The Bourgeois Public Sphere is Collapsing
Under the pressure of fabricated non-fiction reality is being crowded out of media reality.
In his novel “Fall; or, Dodge in Hell”, Neal Stephenson describes a world where digital reality is so overwhelmed by artificial content that distinguishing truth from falsehood becomes nearly impossible. This chaos began with an effort to counter a political smear campaign by drowning it in an avalanche of fake information. The unintended consequence: credibility itself was buried. Over time, this strategy was repeatedly used, turning the internet into a wasteland of misinformation. When Stephenson published the novel in 2019, this scenario seemed like a anti-utopian exaggeration. But shortly after, he remarked, “It’s literally happening now, before our eyes. The events described in ‘Fall’ are just slight exaggerations of things that have already happened.”
Deliberate public confusion through contradictory, overwhelming, and unreliable content is nothing new. Steve Bannon, former advisor to Donald Trump and head of the right-wing populist platform Breitbart, coined a special form of discourse destruction calling this tactic “flood the zone with shit”. By saturating public discourse with misinformation, he sought to create mass confusion and undermine rational debate.
1, a selective history of media mediation
However, the struggle for interpretative sovereignty over nature and history has always been waged at the expense of a truthful representation of events.
Our perception of reality primarily depends on our direct personal experience of our environment. Our sensory organs are limited in their resolution. We rely on technological aids such as microscopes, gas chromatographs, thermometers or glasses to make the invisible visible, to find our way around better or to describe our world in values, to measure, record and pass on changes. Because the processing of environmental stimuli in our brain can be unreliable — as we know from various optical, acoustic and psychological illusions — we generally deceive ourselves before we can be deceived by the information that is culturally conveyed to us via the media.
The term medium is broad and covers everything from spoken language, text, physical carriers to digital mass media. Media transport a record of events and enable their delayed perception. Oral storytelling for example is not only prone to error, but also difficult to verify because not even the identity of the transmitted statement can be recorded: “Imagine, I saw a guy who turned water into beer!” The next time the story is told, the beer may have turned into wine. Only by writing it down does the volatility of the information coagulate into a basis that can be better verified. This in no way guarantees that the written information matches reality. No one can turn water into wine, even if it was perhaps beer.
The Bible exemplifies this. It stands out from all early written records of traditions, if only because it remains the best-selling book even today.

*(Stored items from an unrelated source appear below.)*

(* For all integers $k\geq 1$ and $n\geq \frac{1}{2}\left(\binom{2k}{k}-2\right)k^2$, $$f_2(n,k)\geq \left\lfloor \frac{n}{k}\right\rfloor+\binom{2k}{k}\frac{k}{2}-k.$$
   Context: For a set $A$ and integer $k\ge1$, the Kneser graph $KG(A,k)$ has vertex set the family of all $k$-element subsets of $A$, two vertices $X,Y$ being adjacent iff $X\cap Y=\emptyset$; $KG(n,k)$ denotes a Kneser graph with an $n$-element base set. The xor-product $G\cdot H$ of graphs $G,H$ has vertex set $V(G)\times V(H)$, and $(g,h)$, $(g',h')$ are adjacent iff exactly one of the following holds: $gg'\in E(G)$, $hh'\in E(H)$. $f_\ell(n,k)$ denotes the clique number of the xor-product of $\ell$ copies of $KG(n,k)$. Equivalently, $f_\ell(n,k)$ is the maximum size of a family $\mathcal S$ of subsets of $A_1\cup\dots\cup A_\ell$, where $A_1,\dots,A_\ell$ are pairwise disjoint $n$-element sets, such that $|S\cap A_i|=k$ for all $S\in\mathcal S$ and all $i$, and for any two distinct $S,T\in\mathcal S$ the number of indices $i\in\{1,\dots,\ell\}$ with $S\cap T\cap A_i=\emptyset$ is odd (an "$\ell$-semi-intersecting family with parameters $n$ and $k$"). *)

theory Defs
  imports Complex_Main
begin

record 'a sgraph =
  verts :: "'a set"
  adj :: "'a \<Rightarrow> 'a \<Rightarrow> bool"

definition kneser :: "'a set \<Rightarrow> nat \<Rightarrow> 'a set sgraph" where
  "kneser A k = \<lparr> verts = {X. X \<subseteq> A \<and> card X = k},
                   adj = (\<lambda>X Y. X \<inter> Y = {}) \<rparr>"

definition xor_prod :: "'a sgraph \<Rightarrow> 'b sgraph \<Rightarrow> ('a \<times> 'b) sgraph" where
  "xor_prod G H = \<lparr> verts = verts G \<times> verts H,
     adj = (\<lambda>(g,h) (g',h'). adj G g g' \<noteq> adj H h h') \<rparr>"

text \<open>Xor-product of l copies of G, with vertices represented as lists of length l
  (the list x # xs corresponds to the pair (x, xs) in G . (G^l)); the product of
  zero copies is the one-vertex graph with no edges.\<close>
fun xor_power :: "'a sgraph \<Rightarrow> nat \<Rightarrow> 'a list sgraph" where
  "xor_power G 0 = \<lparr> verts = {[]}, adj = (\<lambda>_ _. False) \<rparr>"
| "xor_power G (Suc l) =
     \<lparr> verts = {x # xs | x xs. x \<in> verts G \<and> xs \<in> verts (xor_power G l)},
       adj = (\<lambda>u v. adj G (hd u) (hd v) \<noteq> adj (xor_power G l) (tl u) (tl v)) \<rparr>"

definition is_clique :: "'a sgraph \<Rightarrow> 'a set \<Rightarrow> bool" where
  "is_clique G C \<longleftrightarrow> C \<subseteq> verts G \<and> (\<forall>x\<in>C. \<forall>y\<in>C. x \<noteq> y \<longrightarrow> adj G x y)"

definition clique_number :: "'a sgraph \<Rightarrow> nat" where
  "clique_number G = Sup {card C | C. finite C \<and> is_clique G C}"

definition f :: "nat \<Rightarrow> nat \<Rightarrow> nat \<Rightarrow> nat" where
  "f l n k = clique_number (xor_power (kneser {0..<n} k) l)"

end

(*
  Cut {0..<n} into the n div k blocks of k consecutive points and group the first M * k
  blocks into M grids of k x k points, where M = (2k choose k)/2 - 1.  A family of pairs of
  k-sets is formed from every block (a row), paired with a label, and every column of the
  grids, paired with the complement in {0..<2k} of the label of its grid.  The labels of the
  grids are distinct k-subsets of {0..<2k} containing 0 (there are (2k choose k)/2 of these),
  and the blocks outside the grids all get the label {0..<k}, which is not the label of any grid.

  Two k-subsets of a 2k-set are disjoint iff they are complementary, and no two labels are
  complementary as both contain 0.  Hence two first coordinates are disjoint exactly for a row
  and a column of the same grid, which is exactly when the second coordinates meet.  The
  family is therefore 2-semi-intersecting, of size n div k + M * k.
*)
theory Submission
  imports Defs
begin

lemma finite_verts_xor_power:
  assumes "finite (verts G)"
  shows "finite (verts (xor_power G l))"
proof (induction l)
  case (Suc l)
  have "verts (xor_power G (Suc l)) = (\<lambda>(x, xs). x # xs) ` (verts G \<times> verts (xor_power G l))"
    by auto
  with Suc assms show ?case by simp
qed simp

lemma card_le_clique_number:
  assumes "finite (verts G)" and "is_clique G C"
  shows "card C \<le> clique_number G"
  unfolding clique_number_def
proof (rule cSup_upper)
  show "card C \<in> {card C |C. finite C \<and> is_clique G C}"
    using assms finite_subset is_clique_def by blast
  show "bdd_above {card C |C. finite C \<and> is_clique G C}"
    using assms(1) by (intro bdd_aboveI[of _ "card (verts G)"]) (auto simp: is_clique_def card_mono)
qed

lemma is_clique_xor_power_2I:
  assumes "P \<subseteq> verts G \<times> verts G"
    and "\<And>x y x' y'. (x, y) \<in> P \<Longrightarrow> (x', y') \<in> P \<Longrightarrow> (x, y) \<noteq> (x', y') \<Longrightarrow>
           adj G x x' \<noteq> adj G y y'"
  shows "is_clique (xor_power G 2) ((\<lambda>(x, y). [x, y]) ` P)"
  using assms by (auto simp: is_clique_def numeral_2_eq_2)

lemma card_le_f2_if_semi_intersecting:
  assumes "\<And>X Y. (X, Y) \<in> P \<Longrightarrow> X \<subseteq> {0..<n} \<and> card X = k \<and> Y \<subseteq> {0..<n} \<and> card Y = k"
    and "\<And>X Y X' Y'. (X, Y) \<in> P \<Longrightarrow> (X', Y') \<in> P \<Longrightarrow> (X, Y) \<noteq> (X', Y') \<Longrightarrow>
           (X \<inter> X' = {}) \<noteq> (Y \<inter> Y' = {})"
  shows "card P \<le> f 2 n k"
proof -
  let ?G = "kneser {0..<n} k"
  have "is_clique (xor_power ?G 2) ((\<lambda>(x, y). [x, y]) ` P)"
  proof (rule is_clique_xor_power_2I)
    show "P \<subseteq> verts ?G \<times> verts ?G"
      using assms(1) by (fastforce simp: kneser_def)
  qed (use assms(2) in \<open>simp add: kneser_def\<close>)
  moreover have "finite (verts ?G)"
    by (simp add: kneser_def)
  ultimately have "card ((\<lambda>(x, y). [x, y]) ` P) \<le> f 2 n k"
    unfolding f_def by (intro card_le_clique_number finite_verts_xor_power)
  moreover have "inj_on (\<lambda>(x, y). [x, y]) P"
    by (auto simp: inj_on_def)
  ultimately show ?thesis
    by (simp add: card_image)
qed

lemma half_subsets_disjoint_iff:
  assumes "finite B" "card B = 2 * k" "X \<subseteq> B" "Y \<subseteq> B" "card X = k" "card Y = k"
  shows "X \<inter> Y = {} \<longleftrightarrow> Y = B - X"
proof
  assume "X \<inter> Y = {}"
  then have "Y \<subseteq> B - X"
    using assms(4) by blast
  moreover have "card (B - X) = card Y"
    using assms by (simp add: card_Diff_subset finite_subset)
  ultimately show "Y = B - X"
    using assms(1) by (simp add: card_subset_eq)
qed auto

lemma half_subsets_through_point:
  assumes "finite B" "card B = 2 * k" "X \<subseteq> B" "Y \<subseteq> B" "card X = k" "card Y = k"
    and "a \<in> X" "a \<in> Y"
  shows "(B - X) \<inter> (B - Y) \<noteq> {}" and "X \<inter> (B - Y) = {} \<longleftrightarrow> X = Y"
proof -
  have card_compl: "card (B - Z) = k" if "Z \<subseteq> B" "card Z = k" for Z
    using that assms(1,2) by (simp add: card_Diff_subset finite_subset)
  show "(B - X) \<inter> (B - Y) \<noteq> {}"
    using half_subsets_disjoint_iff[OF assms(1,2), of "B - X" "B - Y"] assms
    by (auto simp: card_compl double_diff)
  show "X \<inter> (B - Y) = {} \<longleftrightarrow> X = Y"
    using half_subsets_disjoint_iff[OF assms(1,2), of X "B - Y"] assms
    by (auto simp: card_compl double_diff)
qed

lemma card_half_subsets_containing:
  assumes "finite B" "card B = 2 * k" "a \<in> B"
  shows "2 * card {Y. Y \<subseteq> B \<and> card Y = k \<and> a \<in> Y} = (2 * k) choose k"
proof -
  let ?Y = "{Y. Y \<subseteq> B \<and> card Y = k \<and> a \<in> Y}"
  have card_compl: "card (B - Y) = k" if "Y \<subseteq> B" "card Y = k" for Y
    using that assms by (simp add: card_Diff_subset finite_subset)
  have "{Y. Y \<subseteq> B \<and> card Y = k} = ?Y \<union> (\<lambda>Y. B - Y) ` ?Y"
  proof (intro equalityI subsetI)
    fix Y assume Y: "Y \<in> {Y. Y \<subseteq> B \<and> card Y = k}"
    show "Y \<in> ?Y \<union> (\<lambda>Y. B - Y) ` ?Y"
    proof (cases "a \<in> Y")
      case False
      with Y assms(3) have "B - Y \<in> ?Y" and "Y = B - (B - Y)"
        by (auto simp: card_compl)
      then show ?thesis by blast
    qed (use Y in simp)
  qed (auto simp: card_compl)
  moreover have "?Y \<inter> (\<lambda>Y. B - Y) ` ?Y = {}"
    by blast
  moreover have "inj_on (\<lambda>Y. B - Y) ?Y"
    by (auto simp: inj_on_def double_diff)
  moreover have "finite ?Y"
    using assms(1) by simp
  ultimately have "card {Y. Y \<subseteq> B \<and> card Y = k} = 2 * card ?Y"
    by (simp add: card_Un_disjoint card_image)
  then show ?thesis
    using n_subsets[OF assms(1), of k] assms(2) by simp
qed

lemma even_central_binomial: "0 < k \<Longrightarrow> even ((2 * k) choose k)"
  using card_half_subsets_containing[of "{0..<2 * k}" k 0] by (simp add: dvd_def) metis

definition block :: "nat \<Rightarrow> nat \<Rightarrow> nat set" where
  "block k c = {c * k..<c * k + k}"

text \<open>Grid \<open>j\<close> consists of the blocks \<open>j * k + t\<close> for \<open>t < k\<close>; its column \<open>s\<close> takes
  the \<open>s\<close>-th point of each of these blocks.\<close>
definition column :: "nat \<Rightarrow> nat \<Rightarrow> nat \<Rightarrow> nat set" where
  "column k j s = (\<lambda>t. (j * k + t) * k + s) ` {..<k}"

lemma mem_block_iff:
  assumes "0 < k"
  shows "x \<in> block k c \<longleftrightarrow> x div k = c"
proof
  assume "x \<in> block k c"
  then show "x div k = c"
    by (intro div_nat_eqI) (auto simp: block_def mult.commute)
next
  assume "x div k = c"
  moreover have "x = x div k * k + x mod k" and "x mod k < k"
    using assms by simp_all
  ultimately show "x \<in> block k c"
    unfolding block_def by (metis atLeastLessThan_iff le_add1 add_less_cancel_left)
qed

lemma mem_column_iff: "s < k \<Longrightarrow> x \<in> column k j s \<longleftrightarrow> x mod k = s \<and> x div k div k = j"
proof
  assume "s < k" and "x mod k = s \<and> x div k div k = j"
  then have "x = (j * k + x div k mod k) * k + s" and "x div k mod k < k"
    by (metis div_mult_mod_eq mult.commute, simp)
  then show "x \<in> column k j s"
    unfolding column_def by blast
qed (auto simp: column_def)

lemma card_block: "card (block k c) = k"
  by (simp add: block_def)

lemma card_column: "card (column k j s) = k"
  unfolding column_def by (subst card_image) (auto simp: inj_on_def)

lemma block_subset: "(c + 1) * k \<le> n \<Longrightarrow> block k c \<subseteq> {0..<n}"
  by (auto simp: block_def)

lemma column_subset: "s < k \<Longrightarrow> (j + 1) * k * k \<le> n \<Longrightarrow> column k j s \<subseteq> {0..<n}"
proof
  fix x assume "s < k" "(j + 1) * k * k \<le> n" "x \<in> column k j s"
  then obtain t where "t < k" "x = (j * k + t) * k + s"
    by (auto simp: column_def)
  then have "x < (j * k + t + 1) * k" using \<open>s < k\<close> by simp
  also have "\<dots> \<le> (j + 1) * k * k"
    using \<open>t < k\<close> by (intro mult_le_mono1) simp
  finally show "x \<in> {0..<n}"
    using \<open>(j + 1) * k * k \<le> n\<close> by simp
qed

lemma block_eq_iff:
  assumes "0 < k"
  shows "block k c = block k c' \<longleftrightarrow> c = c'"
proof
  assume "block k c = block k c'"
  moreover have "c * k \<in> block k c"
    using assms by (simp add: mem_block_iff)
  ultimately show "c = c'"
    using assms by (simp add: mem_block_iff)
qed simp

lemma column_eq_iff:
  assumes "s < k" "s' < k"
  shows "column k j s = column k j' s' \<longleftrightarrow> (j, s) = (j', s')"
proof
  assume "column k j s = column k j' s'"
  moreover have "j * k * k + s \<in> column k j s"
    using assms by (simp add: mem_column_iff)
  ultimately show "(j, s) = (j', s')"
    using assms by (simp add: mem_column_iff)
qed simp

lemma block_disjoint_iff:
  assumes "0 < k"
  shows "block k c \<inter> block k c' = {} \<longleftrightarrow> c \<noteq> c'"
proof -
  have "c * k \<in> block k c"
    using assms by (simp add: mem_block_iff)
  moreover have "c \<noteq> c' \<Longrightarrow> block k c \<inter> block k c' = {}"
    using assms by (auto simp: mem_block_iff)
  ultimately show ?thesis
    by blast
qed

lemma column_disjoint_iff:
  assumes "s < k" "s' < k"
  shows "column k j s \<inter> column k j' s' = {} \<longleftrightarrow> (j, s) \<noteq> (j', s')"
proof -
  have "j * k * k + s \<in> column k j s"
    using assms by (simp add: mem_column_iff)
  moreover have "(j, s) \<noteq> (j', s') \<Longrightarrow> column k j s \<inter> column k j' s' = {}"
    using assms by (auto simp: mem_column_iff)
  ultimately show ?thesis
    by blast
qed

lemma block_column_disjoint_iff:
  assumes "s < k"
  shows "block k c \<inter> column k j s = {} \<longleftrightarrow> c div k \<noteq> j"
proof -
  have "c * k + s \<in> block k c \<inter> column k (c div k) s"
    using assms by (simp add: mem_block_iff mem_column_iff)
  moreover have "c div k \<noteq> j \<Longrightarrow> block k c \<inter> column k j s = {}"
    using assms by (auto simp: mem_block_iff mem_column_iff)
  ultimately show ?thesis
    by blast
qed

lemma ex_labelling_with_default:
  assumes "finite \<Y>" "y\<^sub>0 \<in> \<Y>" "M < card \<Y>"
  obtains g where "\<And>j. g j \<in> \<Y>" "\<And>j. M \<le> j \<Longrightarrow> g j = y\<^sub>0"
    "\<And>i j. j < M \<Longrightarrow> g i = g j \<Longrightarrow> i = j"
proof -
  have "card {..<M} \<le> card (\<Y> - {y\<^sub>0})"
    using assms by simp
  then obtain h where h: "h ` {..<M} \<subseteq> \<Y> - {y\<^sub>0}" "inj_on h {..<M}"
    using card_le_inj[of "{..<M}" "\<Y> - {y\<^sub>0}"] assms(1) by auto
  show thesis
  proof (rule that[of "\<lambda>j. if j < M then h j else y\<^sub>0"])
    show "\<And>i j. j < M \<Longrightarrow> (if i < M then h i else y\<^sub>0) = (if j < M then h j else y\<^sub>0) \<Longrightarrow> i = j"
      using h by (auto simp: inj_on_def split: if_splits)
  qed (use h assms(2) in auto)
qed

The stories of the Old and New Testaments are not factual accounts and were not written down for the purpose of faithfully reproducing historical events, but rather to provide a moral basis and philosophy for living together, in short, to make policy. The inclusion of individual text in the biblical canon took place under the aspect of expediency. This gatekeeper function of media is still essential today — regardless of whether humans or machines maintain this algorithm in the selection process. The veracity of the events described was never a condition; it is enough that the audience classifies the information as true, which is astonishing in view of the contradictions in the stories of the New Testament, which ostensibly tell of the same events.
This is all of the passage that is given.